Can the “Opt Out” Movement Succeed?
There’s a movement growing across the nation. It’s called “Opt Out,” and it means, refusal to subject oneself or one’s children to the rampant standardized testing that has gripped public schools. The tentacles of the accountability testing movement have reached into every quarter of America’s public schools. And the audience for this information is composed of politicians attempting to bust unions, taxpayers hoping to replace high-salary teachers with low-salary teachers, and Realtors dodging red-lining laws while steering clients to the “best schools.” Those urging parents and students to refuse to be tested cite the illegitimacy of these motives and the increasing amount of time for learning that is being given over to assessing learning. At present, the Opt Out movement is small — a few thousand students in Colorado, several hundred in New Mexico, and smatterings of ad hoc parent groups in the East. Some might view these small numbers as no threat to the accountability assessment industry.

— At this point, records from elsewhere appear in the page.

lemma short_exact_isometry_range:
  fixes P :: "'k::field mat"
  assumes P: "P \<in> RCFM"
    and isometry: "mmul (mtrans P) P = mident"
    and no_fixed: "\<And>s. s \<in> RCFM \<Longrightarrow> mmul (mtrans P) s = s \<Longrightarrow> s = mzero"
  shows "\<exists>f g. short_exact P (msub mident P) (msub mident (mtrans P)) f g"
proof -
  define E where "E = msub mident (mmul P (mtrans P))"
  have Pt: "mtrans P \<in> RCFM" using P by (rule mtrans_in_RCFM)
  have PPt: "mmul P (mtrans P) \<in> RCFM" using P Pt by (rule mmul_in_RCFM)
  have E: "E \<in> RCFM" unfolding E_def using mident_in_RCFM PPt by (rule msub_in_RCFM)
  have mmul_E: "mmul E M = msub M (mmul P (mmul (mtrans P) M))" for M
    unfolding E_def using mmul_mident_minus[OF PPt] mmul_assoc[OF P Pt] by simp
  show ?thesis
  proof (rule short_exact_isometry[OF P P E mident_in_RCFM isometry no_fixed])
    show "mmul (mtrans P) E = mzero"
      unfolding E_def
      by (simp add: mmul_msub_left mmul_mident_right[OF Pt] mmul_assoc[OF Pt P, symmetric] isometry)
        (simp add: msub_def mzero_def fun_eq_iff)
    show "mmul E mident = msub mident (mmul P (mtrans P))"
      using mmul_mident_right[OF E] unfolding E_def .
    show "mmul E P = mzero"
      unfolding mmul_E by (simp add: isometry mmul_mident_right[OF P]) (simp add: msub_def mzero_def)
    show "a \<in> rideal P" if a: "a \<in> RCFM" and "mmul E a = mzero" for a
    proof -
      have "a = mmul P (mmul (mtrans P) a)"
        using \<open>mmul E a = mzero\<close> unfolding mmul_E by (auto simp: msub_def mzero_def fun_eq_iff)
      then show ?thesis unfolding rideal_def using mmul_in_RCFM[OF Pt a] by blast
    qed
  qed
qed
(* Assume the synchronous bandit is unichain and strictly indexable (states labeled $\nu_1>\dots>\nu_d$), and let $\rho(\mathbf m)$ be the instantaneous bandit-averaged reward of WIP when the $N$-bandit system is in configuration $\mathbf m$. Then (i) for all $\mathbf m\in\Delta^d$, $$\rho(\mathbf m)=\sum_{i=1}^{s(\mathbf m)-1} m_i R^1_{i} + \Big(\alpha-\sum_{i=1}^{s(\mathbf m)-1}m_i\Big)R^1_{s(\mathbf m)} + \Big(\sum_{i=1}^{s(\mathbf m)}m_i - \alpha\Big)R^0_{s(\mathbf m)} + \sum_{i=s(\mathbf m)+1}^{d} m_i R^0_{i},$$ so $\rho$ is affine on each zone $\mathcal Z_i=\{\mathbf m: s(\mathbf m)=i\}$; and (ii) $\rho(\mathbf m^* )=V^{(1)}_{\mathrm{rel}}(\alpha)$, where $\mathbf m^*$ is the unique fixed point of $\phi$.
   Context: Synchronous restless bandit model: $d\times d$ stochastic matrices $\mathbf P^0,\mathbf P^1$, rewards $\mathbf R^0,\mathbf R^1\in\mathbb R^d$, $\alpha\in(0,1)$; $N$ bandits with $\alpha N\in\mathbb N$ evolve independently given actions with $\mathbb P(S_n(t+1)=j\mid S_n(t)=i,a_n(t)=a)=P^a_{ij}$, reward $R^a_i$ per bandit per step. $V^{(1)}_{\mathrm{rel}}(\alpha)$ is the supremum over stationary Markov single-bandit policies of the long-run average expected reward subject to the long-run fraction of active time being $\alpha$. Unichain: under every policy a single bandit's states form one recurrent class. Indexability/Whittle index: the subsidy-$\nu$ problem is the single-bandit MDP where action $0$ in state $i$ earns $R^0_i+\nu$ and action $1$ earns $R^1_i$ (average reward); $\omega(\nu)$ the set of states where some optimal policy is passive; indexable if $\omega(\nu)\subseteq\omega(\nu')$ for $\nu\le\nu'$; $\nu_i=\inf\{\nu:i\in\omega(\nu)\}$; strictly indexable: distinct indices. WIP activates at each step the $\alpha N$ bandits with highest indices. $\Delta^d=\{\mathbf m\in[0,1]^d:\sum m_i=1\}$; configuration = vector of fractions of bandits in each state; $s(\mathbf m)$ the unique $s$ with $\sum_{i<s}m_i\le\alpha<\sum_{i\le s}m_i$; $\phi_j(\mathbf m)=\sum_{i=1}^{s(\mathbf m)-1} m_i P^1_{ij} + (\alpha-\sum_{i=1}^{s(\mathbf m)-1}m_i)P^1_{s(\mathbf m)j} + (\sum_{i=1}^{s(\mathbf m)}m_i - \alpha)P^0_{s(\mathbf m)j} + \sum_{i=s(\mathbf m)+1}^{d} m_i P^0_{ij}$, which has a unique fixed point $\mathbf m^*$ under these assumptions. *)

theory Defs
  imports Complex_Main
begin
lemma closed_segments_intersect:
  assumes "orient R S P > 0" "orient R S Q < 0" "orient P Q R < 0" "orient P Q S > 0"
  shows "closed_segment P Q \<inter> closed_segment R S \<noteq> {}"
proof -
  define D where "D = orient R S P - orient R S Q"
  \<comment> \<open>P, Q lie at signed distances proportional to orient R S P, orient R S Q from the line RS.\<close>
  define t where "t = orient R S P / D"
  define u where "u = - orient P Q R / D"
  have D: "D > 0" using assms unfolding D_def by simp
  have "orient P Q R - orient P Q S = - D"
    unfolding D_def orient_def by (simp add: algebra_simps)
  then have t: "0 \<le> t" "t \<le> 1" and u: "0 \<le> u" "u \<le> 1"
    using assms D unfolding t_def u_def D_def by (auto simp: field_simps)
  have "D *\<^sub>R (P + t *\<^sub>R (Q - P)) = D *\<^sub>R P + orient R S P *\<^sub>R (Q - P)"
    "D *\<^sub>R (R + u *\<^sub>R (S - R)) = D *\<^sub>R R - orient P Q R *\<^sub>R (S - R)"
    using D by (simp_all add: t_def u_def scaleR_add_right scaleR_diff_right)
  then have "D *\<^sub>R (P + t *\<^sub>R (Q - P)) = D *\<^sub>R (R + u *\<^sub>R (S - R))"
    using orient_lines_meet[of R S P Q] unfolding D_def by simp
  then have "P + t *\<^sub>R (Q - P) = R + u *\<^sub>R (S - R)"
    using D by (metis less_irrefl scaleR_cancel_left)
  then have "(1 - t) *\<^sub>R P + t *\<^sub>R Q = (1 - u) *\<^sub>R R + u *\<^sub>R S"
    by (simp add: algebra_simps)
  then have "(1 - t) *\<^sub>R P + t *\<^sub>R Q \<in> closed_segment P Q \<inter> closed_segment R S"
    using t u by (auto simp: in_segment)
  then show ?thesis by blast
qed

But the threat is more serious than it appears. Politicians and others want to rank schools and school districts according to their test score averages. Or they want to compare teachers according to their test score gains (Value Added Measurement) and pressure the low scorers or worse. It only takes a modest amount of Opting Out to thwart these uses of the test data. If 10% of the parents at the school say “No” to the standardized test, how do the statisticians adjust or correct for those missing data? Which 10% opted out? The highest scorers? The lowest? A scattering of high and low scorers? And would any statistical sleight of hand to correct for “missing data” stand up in court against a teacher who was fired or a school that was taken over by the state for a “turn around”? I don’t think so.
Gene V Glass
Arizona State University
National Education Policy Center
University of Colorado Boulder
This is a clear and concise snapshot of the state of public education in New Mexico.
Thank you.
Recently looking at the PARCC (Pearson) contract I saw that New Mexico was using SGPs. Some interesting comments about SGPs. In NJ we are using SGPs with the median scores of the class, yet PARCC recommends the mean to be used instead. Even they cannot get this junk science right and who knows what we actually end up with!